» **PROVIDED DATA**:
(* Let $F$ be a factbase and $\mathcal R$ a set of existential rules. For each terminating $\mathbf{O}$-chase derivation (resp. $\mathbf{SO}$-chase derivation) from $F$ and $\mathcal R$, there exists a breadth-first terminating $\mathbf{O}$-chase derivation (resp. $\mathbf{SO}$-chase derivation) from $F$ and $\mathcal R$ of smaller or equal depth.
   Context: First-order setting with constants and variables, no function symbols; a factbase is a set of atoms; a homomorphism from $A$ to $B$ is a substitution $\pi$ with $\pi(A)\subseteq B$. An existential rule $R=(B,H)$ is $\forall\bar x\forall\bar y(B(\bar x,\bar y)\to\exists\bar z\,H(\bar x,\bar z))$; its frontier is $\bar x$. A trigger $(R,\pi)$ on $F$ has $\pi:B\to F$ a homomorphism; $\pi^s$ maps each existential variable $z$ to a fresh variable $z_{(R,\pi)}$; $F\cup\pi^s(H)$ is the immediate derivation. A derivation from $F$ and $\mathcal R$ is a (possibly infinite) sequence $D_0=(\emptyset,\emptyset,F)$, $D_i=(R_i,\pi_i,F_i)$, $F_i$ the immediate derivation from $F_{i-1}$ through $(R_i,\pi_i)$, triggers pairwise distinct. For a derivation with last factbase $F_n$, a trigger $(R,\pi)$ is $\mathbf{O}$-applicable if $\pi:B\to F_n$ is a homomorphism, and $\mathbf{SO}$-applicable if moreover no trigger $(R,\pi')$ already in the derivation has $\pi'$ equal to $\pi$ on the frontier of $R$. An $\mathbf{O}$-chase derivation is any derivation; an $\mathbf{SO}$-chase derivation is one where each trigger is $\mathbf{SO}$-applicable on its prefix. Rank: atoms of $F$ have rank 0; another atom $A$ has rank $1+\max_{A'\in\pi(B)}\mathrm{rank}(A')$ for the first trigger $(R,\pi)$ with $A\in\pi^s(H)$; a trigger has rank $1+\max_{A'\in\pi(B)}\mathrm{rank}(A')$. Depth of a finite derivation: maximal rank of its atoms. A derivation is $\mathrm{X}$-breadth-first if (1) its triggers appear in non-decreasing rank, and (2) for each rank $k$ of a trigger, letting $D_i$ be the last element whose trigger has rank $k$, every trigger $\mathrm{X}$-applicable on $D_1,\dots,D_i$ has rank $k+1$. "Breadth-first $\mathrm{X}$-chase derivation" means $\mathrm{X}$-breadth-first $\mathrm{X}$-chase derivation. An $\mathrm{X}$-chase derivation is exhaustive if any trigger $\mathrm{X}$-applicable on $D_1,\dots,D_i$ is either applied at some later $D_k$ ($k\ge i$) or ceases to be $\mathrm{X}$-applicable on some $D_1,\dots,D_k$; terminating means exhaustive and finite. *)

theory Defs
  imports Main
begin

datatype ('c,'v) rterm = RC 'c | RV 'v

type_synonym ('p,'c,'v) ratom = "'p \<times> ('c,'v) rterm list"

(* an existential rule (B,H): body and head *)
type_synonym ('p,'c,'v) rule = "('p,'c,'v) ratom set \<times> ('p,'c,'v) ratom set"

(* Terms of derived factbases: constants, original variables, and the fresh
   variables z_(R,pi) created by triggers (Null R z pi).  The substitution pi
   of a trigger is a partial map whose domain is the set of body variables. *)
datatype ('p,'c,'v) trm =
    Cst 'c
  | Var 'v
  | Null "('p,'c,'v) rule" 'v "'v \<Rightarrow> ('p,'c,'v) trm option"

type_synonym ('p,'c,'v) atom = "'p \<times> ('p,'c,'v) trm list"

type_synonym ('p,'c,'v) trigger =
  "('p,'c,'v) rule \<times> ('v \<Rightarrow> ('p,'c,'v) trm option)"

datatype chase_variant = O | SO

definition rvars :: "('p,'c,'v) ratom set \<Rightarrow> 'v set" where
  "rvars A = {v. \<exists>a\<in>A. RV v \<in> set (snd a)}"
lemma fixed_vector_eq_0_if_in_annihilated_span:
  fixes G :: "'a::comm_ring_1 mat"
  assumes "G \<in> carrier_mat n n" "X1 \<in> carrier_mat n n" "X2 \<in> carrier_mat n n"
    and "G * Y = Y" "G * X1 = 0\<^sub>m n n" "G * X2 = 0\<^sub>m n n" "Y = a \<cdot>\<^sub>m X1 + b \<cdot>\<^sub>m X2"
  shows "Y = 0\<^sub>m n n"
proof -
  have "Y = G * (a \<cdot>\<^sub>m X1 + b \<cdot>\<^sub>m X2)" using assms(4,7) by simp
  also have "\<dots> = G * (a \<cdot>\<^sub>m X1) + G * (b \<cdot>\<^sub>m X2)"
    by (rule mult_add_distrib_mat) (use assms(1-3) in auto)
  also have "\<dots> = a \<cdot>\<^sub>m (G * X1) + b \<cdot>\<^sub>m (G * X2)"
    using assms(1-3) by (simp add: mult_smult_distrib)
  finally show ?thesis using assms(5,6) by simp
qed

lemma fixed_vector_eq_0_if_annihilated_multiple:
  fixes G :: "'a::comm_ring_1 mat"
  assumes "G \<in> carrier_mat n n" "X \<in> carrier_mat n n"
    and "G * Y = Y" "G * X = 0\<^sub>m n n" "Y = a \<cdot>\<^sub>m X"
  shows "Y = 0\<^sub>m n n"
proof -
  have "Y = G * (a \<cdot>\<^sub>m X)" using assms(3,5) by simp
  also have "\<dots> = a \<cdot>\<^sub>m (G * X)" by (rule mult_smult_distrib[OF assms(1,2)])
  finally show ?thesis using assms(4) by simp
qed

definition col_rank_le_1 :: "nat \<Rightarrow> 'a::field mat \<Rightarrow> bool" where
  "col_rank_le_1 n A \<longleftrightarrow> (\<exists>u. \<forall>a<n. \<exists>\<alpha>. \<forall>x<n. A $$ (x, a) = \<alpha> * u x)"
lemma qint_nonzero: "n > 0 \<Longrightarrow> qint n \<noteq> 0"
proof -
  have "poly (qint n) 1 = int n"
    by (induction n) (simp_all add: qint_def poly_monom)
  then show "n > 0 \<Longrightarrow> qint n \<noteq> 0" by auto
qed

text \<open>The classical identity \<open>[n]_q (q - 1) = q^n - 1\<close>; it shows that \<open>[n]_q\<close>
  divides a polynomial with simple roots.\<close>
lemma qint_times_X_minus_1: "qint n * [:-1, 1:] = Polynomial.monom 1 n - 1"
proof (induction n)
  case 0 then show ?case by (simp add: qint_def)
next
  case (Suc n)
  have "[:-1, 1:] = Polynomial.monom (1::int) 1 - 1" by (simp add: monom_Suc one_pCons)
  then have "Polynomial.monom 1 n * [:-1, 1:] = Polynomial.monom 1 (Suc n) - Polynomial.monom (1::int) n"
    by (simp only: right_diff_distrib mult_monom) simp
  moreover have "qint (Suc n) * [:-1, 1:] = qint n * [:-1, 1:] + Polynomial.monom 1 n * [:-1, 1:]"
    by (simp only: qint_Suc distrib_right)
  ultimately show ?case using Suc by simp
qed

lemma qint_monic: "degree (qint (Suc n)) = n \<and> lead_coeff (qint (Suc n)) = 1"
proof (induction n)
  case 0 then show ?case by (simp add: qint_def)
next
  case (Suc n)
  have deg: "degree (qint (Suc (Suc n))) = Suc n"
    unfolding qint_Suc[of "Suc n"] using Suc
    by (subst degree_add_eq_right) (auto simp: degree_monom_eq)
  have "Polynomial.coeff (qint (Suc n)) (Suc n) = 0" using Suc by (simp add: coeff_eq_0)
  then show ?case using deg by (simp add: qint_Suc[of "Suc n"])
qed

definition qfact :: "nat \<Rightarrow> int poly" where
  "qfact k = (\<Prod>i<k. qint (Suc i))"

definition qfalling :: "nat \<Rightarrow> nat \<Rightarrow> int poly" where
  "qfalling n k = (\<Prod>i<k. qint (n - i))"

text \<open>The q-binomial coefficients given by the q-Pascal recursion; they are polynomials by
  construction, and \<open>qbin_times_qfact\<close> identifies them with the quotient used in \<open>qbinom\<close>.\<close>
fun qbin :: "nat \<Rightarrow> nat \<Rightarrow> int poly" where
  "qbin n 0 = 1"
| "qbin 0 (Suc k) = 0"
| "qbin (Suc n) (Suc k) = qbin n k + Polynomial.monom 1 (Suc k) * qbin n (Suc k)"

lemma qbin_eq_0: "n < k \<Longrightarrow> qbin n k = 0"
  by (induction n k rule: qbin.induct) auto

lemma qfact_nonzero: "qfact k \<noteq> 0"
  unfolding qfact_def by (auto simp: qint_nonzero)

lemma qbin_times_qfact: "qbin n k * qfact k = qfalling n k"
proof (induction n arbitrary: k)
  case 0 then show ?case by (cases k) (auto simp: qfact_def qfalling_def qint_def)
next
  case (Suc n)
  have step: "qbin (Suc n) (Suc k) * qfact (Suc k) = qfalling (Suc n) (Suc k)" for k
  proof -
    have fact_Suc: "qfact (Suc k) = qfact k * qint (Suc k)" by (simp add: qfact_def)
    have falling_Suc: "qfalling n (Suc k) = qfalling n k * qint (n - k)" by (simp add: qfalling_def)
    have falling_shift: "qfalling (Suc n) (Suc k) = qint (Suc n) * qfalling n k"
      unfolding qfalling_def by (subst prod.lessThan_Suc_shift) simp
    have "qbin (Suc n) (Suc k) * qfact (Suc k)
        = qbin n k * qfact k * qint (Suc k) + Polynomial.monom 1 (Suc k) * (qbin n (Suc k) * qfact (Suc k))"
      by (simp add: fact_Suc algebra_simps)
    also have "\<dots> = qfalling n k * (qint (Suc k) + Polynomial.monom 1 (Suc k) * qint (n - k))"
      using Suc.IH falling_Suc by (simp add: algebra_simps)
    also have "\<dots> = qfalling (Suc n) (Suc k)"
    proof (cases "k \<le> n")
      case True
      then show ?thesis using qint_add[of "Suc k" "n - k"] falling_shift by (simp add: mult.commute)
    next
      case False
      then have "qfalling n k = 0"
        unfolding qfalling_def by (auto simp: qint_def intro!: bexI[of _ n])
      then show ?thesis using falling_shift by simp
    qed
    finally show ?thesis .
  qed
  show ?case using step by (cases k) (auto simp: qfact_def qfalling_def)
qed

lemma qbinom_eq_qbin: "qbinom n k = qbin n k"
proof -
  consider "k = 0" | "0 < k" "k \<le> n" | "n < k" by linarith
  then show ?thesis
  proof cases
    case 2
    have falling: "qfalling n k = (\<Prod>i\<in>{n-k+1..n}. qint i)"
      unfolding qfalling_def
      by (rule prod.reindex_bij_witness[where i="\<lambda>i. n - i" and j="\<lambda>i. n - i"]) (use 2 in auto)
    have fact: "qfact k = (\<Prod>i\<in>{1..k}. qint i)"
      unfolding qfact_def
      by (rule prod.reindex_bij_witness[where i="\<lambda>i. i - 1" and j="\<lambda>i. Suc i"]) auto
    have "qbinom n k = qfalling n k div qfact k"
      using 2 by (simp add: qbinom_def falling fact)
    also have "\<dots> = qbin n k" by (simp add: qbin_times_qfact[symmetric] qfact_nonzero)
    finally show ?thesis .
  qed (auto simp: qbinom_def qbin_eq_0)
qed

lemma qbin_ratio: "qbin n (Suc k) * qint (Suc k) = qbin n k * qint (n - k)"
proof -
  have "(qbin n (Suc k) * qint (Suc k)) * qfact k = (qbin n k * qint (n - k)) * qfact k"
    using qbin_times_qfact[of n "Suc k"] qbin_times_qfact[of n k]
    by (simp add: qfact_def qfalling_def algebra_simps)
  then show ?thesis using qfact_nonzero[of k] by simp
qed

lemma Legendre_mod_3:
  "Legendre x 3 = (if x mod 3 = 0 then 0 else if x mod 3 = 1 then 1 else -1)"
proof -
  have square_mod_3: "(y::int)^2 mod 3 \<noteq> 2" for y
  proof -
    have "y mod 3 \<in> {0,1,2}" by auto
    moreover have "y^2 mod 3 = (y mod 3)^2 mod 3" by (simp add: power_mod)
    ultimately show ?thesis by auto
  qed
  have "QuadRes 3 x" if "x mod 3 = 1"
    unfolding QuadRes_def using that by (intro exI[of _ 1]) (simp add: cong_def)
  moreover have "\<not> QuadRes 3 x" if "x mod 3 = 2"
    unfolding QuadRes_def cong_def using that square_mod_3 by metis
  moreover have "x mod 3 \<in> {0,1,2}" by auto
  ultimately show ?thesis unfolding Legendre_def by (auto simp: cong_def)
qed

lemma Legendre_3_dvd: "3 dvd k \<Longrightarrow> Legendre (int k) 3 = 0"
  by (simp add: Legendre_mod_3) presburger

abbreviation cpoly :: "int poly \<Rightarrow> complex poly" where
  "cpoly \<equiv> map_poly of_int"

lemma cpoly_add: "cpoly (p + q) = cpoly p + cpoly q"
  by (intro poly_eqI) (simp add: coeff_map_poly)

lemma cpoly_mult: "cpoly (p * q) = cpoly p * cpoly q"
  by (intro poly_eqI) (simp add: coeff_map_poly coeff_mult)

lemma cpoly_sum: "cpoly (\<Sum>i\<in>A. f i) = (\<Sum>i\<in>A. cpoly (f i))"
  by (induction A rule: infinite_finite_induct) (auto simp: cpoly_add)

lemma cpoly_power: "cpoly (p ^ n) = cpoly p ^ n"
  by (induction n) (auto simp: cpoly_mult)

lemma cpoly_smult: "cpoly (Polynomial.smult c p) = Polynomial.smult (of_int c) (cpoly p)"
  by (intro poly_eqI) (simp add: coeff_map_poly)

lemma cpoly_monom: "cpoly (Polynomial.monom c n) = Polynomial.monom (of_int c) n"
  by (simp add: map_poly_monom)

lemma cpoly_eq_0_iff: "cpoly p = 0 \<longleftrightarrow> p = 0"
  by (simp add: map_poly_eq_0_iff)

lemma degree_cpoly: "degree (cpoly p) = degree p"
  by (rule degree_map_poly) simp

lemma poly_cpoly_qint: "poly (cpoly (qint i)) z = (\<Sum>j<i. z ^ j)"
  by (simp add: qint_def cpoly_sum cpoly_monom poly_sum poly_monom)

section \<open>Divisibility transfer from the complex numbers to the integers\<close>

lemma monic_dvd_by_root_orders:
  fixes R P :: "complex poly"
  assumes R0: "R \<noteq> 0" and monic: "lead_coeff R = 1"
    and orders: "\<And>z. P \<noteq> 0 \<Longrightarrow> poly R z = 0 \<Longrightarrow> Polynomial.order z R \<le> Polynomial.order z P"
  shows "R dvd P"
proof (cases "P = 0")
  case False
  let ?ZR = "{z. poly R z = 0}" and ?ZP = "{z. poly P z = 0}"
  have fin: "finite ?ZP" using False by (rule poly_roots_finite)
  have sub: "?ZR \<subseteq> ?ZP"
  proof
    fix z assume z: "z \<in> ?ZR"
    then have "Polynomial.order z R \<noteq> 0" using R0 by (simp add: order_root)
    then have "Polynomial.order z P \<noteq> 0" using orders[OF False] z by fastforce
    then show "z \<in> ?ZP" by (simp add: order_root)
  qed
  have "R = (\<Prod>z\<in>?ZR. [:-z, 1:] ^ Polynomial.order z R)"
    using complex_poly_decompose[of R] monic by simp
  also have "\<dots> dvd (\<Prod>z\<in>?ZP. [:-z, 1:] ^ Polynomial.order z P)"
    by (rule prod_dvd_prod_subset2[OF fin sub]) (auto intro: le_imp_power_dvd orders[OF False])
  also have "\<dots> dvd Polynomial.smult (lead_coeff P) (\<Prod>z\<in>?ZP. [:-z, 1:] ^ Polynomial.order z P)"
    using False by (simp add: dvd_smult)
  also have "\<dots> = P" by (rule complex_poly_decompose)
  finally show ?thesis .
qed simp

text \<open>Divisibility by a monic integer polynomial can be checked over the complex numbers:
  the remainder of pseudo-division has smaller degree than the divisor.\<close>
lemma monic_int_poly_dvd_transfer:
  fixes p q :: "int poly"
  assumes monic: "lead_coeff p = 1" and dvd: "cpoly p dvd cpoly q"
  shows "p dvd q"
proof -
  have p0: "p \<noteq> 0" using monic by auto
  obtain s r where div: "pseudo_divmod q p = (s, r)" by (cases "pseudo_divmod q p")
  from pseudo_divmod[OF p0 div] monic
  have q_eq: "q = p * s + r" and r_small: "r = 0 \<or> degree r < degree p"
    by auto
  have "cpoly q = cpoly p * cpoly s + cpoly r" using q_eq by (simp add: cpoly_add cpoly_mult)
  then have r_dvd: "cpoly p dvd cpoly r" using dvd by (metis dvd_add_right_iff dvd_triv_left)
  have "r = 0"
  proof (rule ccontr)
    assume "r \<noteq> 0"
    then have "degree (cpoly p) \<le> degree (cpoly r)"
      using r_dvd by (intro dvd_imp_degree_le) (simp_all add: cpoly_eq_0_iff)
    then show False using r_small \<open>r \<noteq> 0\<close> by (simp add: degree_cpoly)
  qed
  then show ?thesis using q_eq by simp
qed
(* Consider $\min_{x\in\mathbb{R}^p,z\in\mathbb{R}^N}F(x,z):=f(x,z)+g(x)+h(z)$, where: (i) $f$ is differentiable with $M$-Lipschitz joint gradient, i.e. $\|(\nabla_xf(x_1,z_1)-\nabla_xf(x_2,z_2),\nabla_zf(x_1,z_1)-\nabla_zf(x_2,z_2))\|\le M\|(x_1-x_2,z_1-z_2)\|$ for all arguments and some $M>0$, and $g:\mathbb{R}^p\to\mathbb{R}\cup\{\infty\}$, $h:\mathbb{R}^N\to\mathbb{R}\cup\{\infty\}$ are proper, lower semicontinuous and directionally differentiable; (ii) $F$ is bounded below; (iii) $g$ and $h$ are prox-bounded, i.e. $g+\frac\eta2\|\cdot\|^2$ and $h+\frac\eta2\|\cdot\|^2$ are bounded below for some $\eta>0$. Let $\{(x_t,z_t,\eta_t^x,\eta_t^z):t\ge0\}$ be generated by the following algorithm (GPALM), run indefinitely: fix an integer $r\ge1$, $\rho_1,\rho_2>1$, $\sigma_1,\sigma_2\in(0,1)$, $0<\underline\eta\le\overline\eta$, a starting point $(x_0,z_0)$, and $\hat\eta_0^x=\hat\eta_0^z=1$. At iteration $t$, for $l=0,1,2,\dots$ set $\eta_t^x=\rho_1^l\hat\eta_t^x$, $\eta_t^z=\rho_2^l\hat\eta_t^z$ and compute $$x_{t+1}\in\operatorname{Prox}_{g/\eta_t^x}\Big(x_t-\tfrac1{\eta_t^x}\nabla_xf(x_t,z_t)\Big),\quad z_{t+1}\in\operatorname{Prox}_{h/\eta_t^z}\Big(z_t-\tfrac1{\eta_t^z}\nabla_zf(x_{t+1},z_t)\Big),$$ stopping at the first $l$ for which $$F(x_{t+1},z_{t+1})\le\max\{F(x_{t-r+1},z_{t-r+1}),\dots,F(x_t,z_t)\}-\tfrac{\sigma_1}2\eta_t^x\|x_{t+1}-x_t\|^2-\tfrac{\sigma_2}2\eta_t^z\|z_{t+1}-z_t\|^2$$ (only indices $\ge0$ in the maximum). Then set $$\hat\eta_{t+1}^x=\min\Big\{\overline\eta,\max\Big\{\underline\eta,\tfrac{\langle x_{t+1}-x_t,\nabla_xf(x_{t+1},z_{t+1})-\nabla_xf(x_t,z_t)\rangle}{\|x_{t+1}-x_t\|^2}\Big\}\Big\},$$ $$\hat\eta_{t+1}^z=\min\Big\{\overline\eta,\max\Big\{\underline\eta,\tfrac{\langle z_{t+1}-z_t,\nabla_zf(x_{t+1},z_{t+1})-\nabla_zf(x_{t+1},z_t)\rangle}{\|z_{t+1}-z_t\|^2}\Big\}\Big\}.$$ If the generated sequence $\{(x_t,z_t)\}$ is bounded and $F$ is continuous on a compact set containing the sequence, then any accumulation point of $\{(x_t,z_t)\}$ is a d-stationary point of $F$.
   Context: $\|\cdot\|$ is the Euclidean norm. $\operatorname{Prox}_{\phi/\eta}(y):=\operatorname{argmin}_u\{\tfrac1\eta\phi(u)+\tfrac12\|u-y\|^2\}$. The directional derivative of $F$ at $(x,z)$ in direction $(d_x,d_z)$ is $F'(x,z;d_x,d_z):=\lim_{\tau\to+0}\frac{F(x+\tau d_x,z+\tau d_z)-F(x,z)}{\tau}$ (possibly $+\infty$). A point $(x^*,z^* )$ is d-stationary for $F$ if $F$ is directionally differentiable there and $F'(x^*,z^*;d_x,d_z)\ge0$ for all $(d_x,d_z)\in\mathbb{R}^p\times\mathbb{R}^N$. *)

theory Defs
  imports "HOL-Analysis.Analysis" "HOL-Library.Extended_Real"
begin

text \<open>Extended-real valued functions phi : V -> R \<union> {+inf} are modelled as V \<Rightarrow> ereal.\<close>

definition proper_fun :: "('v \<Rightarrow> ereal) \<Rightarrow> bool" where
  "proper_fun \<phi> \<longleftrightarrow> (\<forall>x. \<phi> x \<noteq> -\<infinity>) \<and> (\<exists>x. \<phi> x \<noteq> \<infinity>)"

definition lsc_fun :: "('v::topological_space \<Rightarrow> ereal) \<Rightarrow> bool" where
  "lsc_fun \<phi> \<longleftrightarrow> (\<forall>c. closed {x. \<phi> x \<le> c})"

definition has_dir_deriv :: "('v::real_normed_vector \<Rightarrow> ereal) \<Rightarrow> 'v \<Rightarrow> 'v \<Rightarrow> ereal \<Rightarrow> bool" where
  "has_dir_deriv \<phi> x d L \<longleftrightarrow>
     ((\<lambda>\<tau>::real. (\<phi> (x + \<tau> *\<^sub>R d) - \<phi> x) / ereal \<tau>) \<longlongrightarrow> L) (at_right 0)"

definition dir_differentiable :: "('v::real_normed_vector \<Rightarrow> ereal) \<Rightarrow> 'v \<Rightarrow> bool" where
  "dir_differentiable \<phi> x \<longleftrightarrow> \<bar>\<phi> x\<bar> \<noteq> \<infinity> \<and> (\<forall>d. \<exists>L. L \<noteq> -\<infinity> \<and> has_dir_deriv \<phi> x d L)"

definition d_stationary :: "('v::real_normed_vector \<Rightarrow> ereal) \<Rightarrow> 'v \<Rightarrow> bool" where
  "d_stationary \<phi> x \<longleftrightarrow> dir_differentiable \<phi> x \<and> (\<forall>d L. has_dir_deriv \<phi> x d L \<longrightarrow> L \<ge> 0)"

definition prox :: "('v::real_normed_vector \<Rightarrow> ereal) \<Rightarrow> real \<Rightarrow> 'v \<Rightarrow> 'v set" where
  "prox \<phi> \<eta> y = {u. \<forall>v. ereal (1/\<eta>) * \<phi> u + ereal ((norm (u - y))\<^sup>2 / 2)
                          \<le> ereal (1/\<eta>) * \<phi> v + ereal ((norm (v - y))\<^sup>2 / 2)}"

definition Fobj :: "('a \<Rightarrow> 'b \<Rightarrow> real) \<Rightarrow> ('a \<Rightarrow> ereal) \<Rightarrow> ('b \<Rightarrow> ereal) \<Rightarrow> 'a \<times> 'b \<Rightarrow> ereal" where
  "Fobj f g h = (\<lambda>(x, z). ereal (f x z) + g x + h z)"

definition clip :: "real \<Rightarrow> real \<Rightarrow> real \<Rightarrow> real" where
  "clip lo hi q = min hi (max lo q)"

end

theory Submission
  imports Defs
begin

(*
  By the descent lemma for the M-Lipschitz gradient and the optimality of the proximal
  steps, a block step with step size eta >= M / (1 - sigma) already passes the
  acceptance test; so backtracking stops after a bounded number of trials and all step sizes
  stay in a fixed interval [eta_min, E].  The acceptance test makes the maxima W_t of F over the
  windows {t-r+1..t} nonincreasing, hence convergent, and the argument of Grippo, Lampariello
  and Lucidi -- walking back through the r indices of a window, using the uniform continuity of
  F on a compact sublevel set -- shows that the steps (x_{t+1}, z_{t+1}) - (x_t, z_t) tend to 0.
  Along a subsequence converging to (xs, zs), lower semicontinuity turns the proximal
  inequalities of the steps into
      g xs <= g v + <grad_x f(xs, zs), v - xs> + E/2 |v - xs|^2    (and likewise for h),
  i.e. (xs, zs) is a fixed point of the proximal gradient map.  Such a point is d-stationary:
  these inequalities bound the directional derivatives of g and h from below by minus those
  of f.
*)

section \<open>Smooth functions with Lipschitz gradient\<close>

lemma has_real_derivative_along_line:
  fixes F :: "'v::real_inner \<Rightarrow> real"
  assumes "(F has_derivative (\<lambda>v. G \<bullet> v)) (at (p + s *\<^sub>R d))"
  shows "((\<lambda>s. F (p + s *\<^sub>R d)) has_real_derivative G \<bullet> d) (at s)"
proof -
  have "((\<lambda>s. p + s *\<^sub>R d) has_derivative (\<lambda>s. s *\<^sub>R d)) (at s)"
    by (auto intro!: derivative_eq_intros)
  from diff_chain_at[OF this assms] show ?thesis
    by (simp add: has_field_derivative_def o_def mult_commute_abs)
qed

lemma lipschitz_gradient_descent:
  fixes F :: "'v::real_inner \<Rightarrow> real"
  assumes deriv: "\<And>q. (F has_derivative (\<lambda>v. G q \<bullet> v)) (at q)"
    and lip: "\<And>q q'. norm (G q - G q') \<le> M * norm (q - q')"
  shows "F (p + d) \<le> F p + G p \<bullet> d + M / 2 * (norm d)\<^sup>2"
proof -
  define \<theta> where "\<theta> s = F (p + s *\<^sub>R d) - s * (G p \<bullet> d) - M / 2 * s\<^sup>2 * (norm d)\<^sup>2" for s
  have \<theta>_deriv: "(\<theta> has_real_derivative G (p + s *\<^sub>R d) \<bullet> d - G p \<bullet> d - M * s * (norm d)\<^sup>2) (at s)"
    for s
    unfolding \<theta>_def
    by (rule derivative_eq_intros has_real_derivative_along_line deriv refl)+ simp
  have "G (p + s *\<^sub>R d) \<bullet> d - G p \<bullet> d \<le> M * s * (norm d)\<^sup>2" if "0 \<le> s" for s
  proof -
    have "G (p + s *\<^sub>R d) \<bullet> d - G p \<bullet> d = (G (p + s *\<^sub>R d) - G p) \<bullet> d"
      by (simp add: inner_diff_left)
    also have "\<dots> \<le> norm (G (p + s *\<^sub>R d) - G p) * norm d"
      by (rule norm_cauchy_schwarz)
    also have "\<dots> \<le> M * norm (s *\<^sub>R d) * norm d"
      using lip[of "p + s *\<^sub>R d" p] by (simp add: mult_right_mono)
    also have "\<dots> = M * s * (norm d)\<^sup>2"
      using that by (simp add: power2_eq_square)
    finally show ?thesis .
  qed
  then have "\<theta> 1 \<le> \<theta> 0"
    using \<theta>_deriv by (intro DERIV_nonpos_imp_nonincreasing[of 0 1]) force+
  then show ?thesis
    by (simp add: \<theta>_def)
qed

» **WHAT IS EXPECTED**: Above are the records; from them, give again exactly the lines from the one containing "qed (auto simp: qbinom_def qbin_eq_0)" to the one containing "ultimately show ?thesis by auto", both lines included, and nothing more.

» **RESULT OF THE TASK**:
  qed (auto simp: qbinom_def qbin_eq_0)
qed

lemma qbin_ratio: "qbin n (Suc k) * qint (Suc k) = qbin n k * qint (n - k)"
proof -
  have "(qbin n (Suc k) * qint (Suc k)) * qfact k = (qbin n k * qint (n - k)) * qfact k"
    using qbin_times_qfact[of n "Suc k"] qbin_times_qfact[of n k]
    by (simp add: qfact_def qfalling_def algebra_simps)
  then show ?thesis using qfact_nonzero[of k] by simp
qed

lemma Legendre_mod_3:
  "Legendre x 3 = (if x mod 3 = 0 then 0 else if x mod 3 = 1 then 1 else -1)"
proof -
  have square_mod_3: "(y::int)^2 mod 3 \<noteq> 2" for y
  proof -
    have "y mod 3 \<in> {0,1,2}" by auto
    moreover have "y^2 mod 3 = (y mod 3)^2 mod 3" by (simp add: power_mod)
    ultimately show ?thesis by auto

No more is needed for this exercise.